Here it appears the 2 Vector dot product is actually faster. The “Templated Dot Product” is just Mark Harris’ Optimizing Parallel Reduction in CUDA with two vectors. The other dot product is a simple loop which performs a single sum per thread, reducing the vector in half per accumulation iteration.

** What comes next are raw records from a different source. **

lemma rank_one_Zsa:
  assumes "n \<ge> 1" "v \<in> Vsa" shows "scalar_mat n (\<lambda>i j. cnj (x i) * x j) v \<in> Zsa scl C n"
proof -
  have "matcong scl 1 n (\<lambda>_ j. x j) (entry1 v) = scalar_mat n (\<lambda>i j. cnj (x i) * x j) v"
    by (simp add: scalar_mat_def matcong_def entry1_def fun_eq_iff)
  moreover have "entry1 v \<in> Zsa scl C 1" using assms(2) by (simp add: Vsa_iff)
  ultimately show ?thesis using Zsa_matcong[OF _ assms(1)] by (metis order_refl)
qed

definition unit_mat :: "nat \<Rightarrow> nat \<Rightarrow> 'z \<Rightarrow> nat \<Rightarrow> nat \<Rightarrow> 'z" where
  "unit_mat k l v = (\<lambda>i j. if i = k \<and> j = l then v else 0)"

lemma unit_mat_in_span_Zsa:
  assumes n: "n \<ge> 1" and kl: "k < n" "l < n" and v: "v \<in> span Vsa"
  shows "unit_mat k l v \<in> M.span (Zsa scl C n)"
proof -
  have real_case: "unit_mat k l a \<in> M.span (Zsa scl C n)" if a: "a \<in> Vsa" for a
  proof -
    let ?r = "\<lambda>x. scalar_mat n (\<lambda>i j. cnj (x i) * x j) a"
    let ?d = "\<lambda>c i j. cnj (e_plus k l c i) * e_plus k l c j - cnj (e_plus k l 0 i) * e_plus k l 0 j
        - cnj (e_plus l k 0 i) * e_plus l k 0 j"
    have coef: "(if i = k \<and> j = l then 1 else 0) = 1/2 * ?d 1 i j + \<i> * (-1/2 * ?d \<i> i j)" for i j
      by (auto simp: e_plus_def field_simps)
    have "unit_mat k l a = scalar_mat n (\<lambda>i j. if i = k \<and> j = l then 1 else 0) a"
      using kl by (auto simp: unit_mat_def scalar_mat_def fun_eq_iff)
    also have "\<dots> = scalar_mat n (\<lambda>i j. 1/2 * ?d 1 i j + \<i> * (-1/2 * ?d \<i> i j)) a"
      by (simp only: coef)
    also have "\<dots> = mscale scl (1/2) (?r (e_plus k l 1) - ?r (e_plus k l 0) - ?r (e_plus l k 0))
        + mscale scl \<i> (mscale scl (-1/2) (?r (e_plus k l \<i>) - ?r (e_plus k l 0) - ?r (e_plus l k 0)))"
      by (simp only: scalar_mat_add scalar_mat_diff mscale_scalar_mat)
    also have "\<dots> \<in> M.span (Zsa scl C n)"
      by (intro M.span_add M.span_scale M.span_diff M.span_base rank_one_Zsa n a)
    finally show ?thesis .
  qed
  obtain a b where "a \<in> Vsa" "b \<in> Vsa" "v = a + scl \<i> b"
    using v by (rule V.span_decomp)
  moreover have "unit_mat k l (a + scl \<i> b) = unit_mat k l a + mscale scl \<i> (unit_mat k l b)"
    by (simp add: unit_mat_def mscale_def fun_eq_iff)
  ultimately show ?thesis using real_case by (metis M.span_add M.span_scale)
qed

The Product Kernel then Templated Reduce tries to perform an element-wise multiplication followed by the templated reduce. It’s odd that that’s slower in my opinion, but whatever. Also interesting to note is that Eigen is lazy; I had to print the values of the dot products at the end and then remove that last field when analyzing the data just to get the timings right.
Conclusion
My main conclusion was that once you get to vectors at or above lengths of 100,000, CUDA is an excellent choice for matrix math. Below that though you can stick to libraries like Eigen which optimize code very very well. There’s lots of different optimizations you can do, but the main thing is optimizing memory bandwidth and distributing enough work across all of the multiprocessors.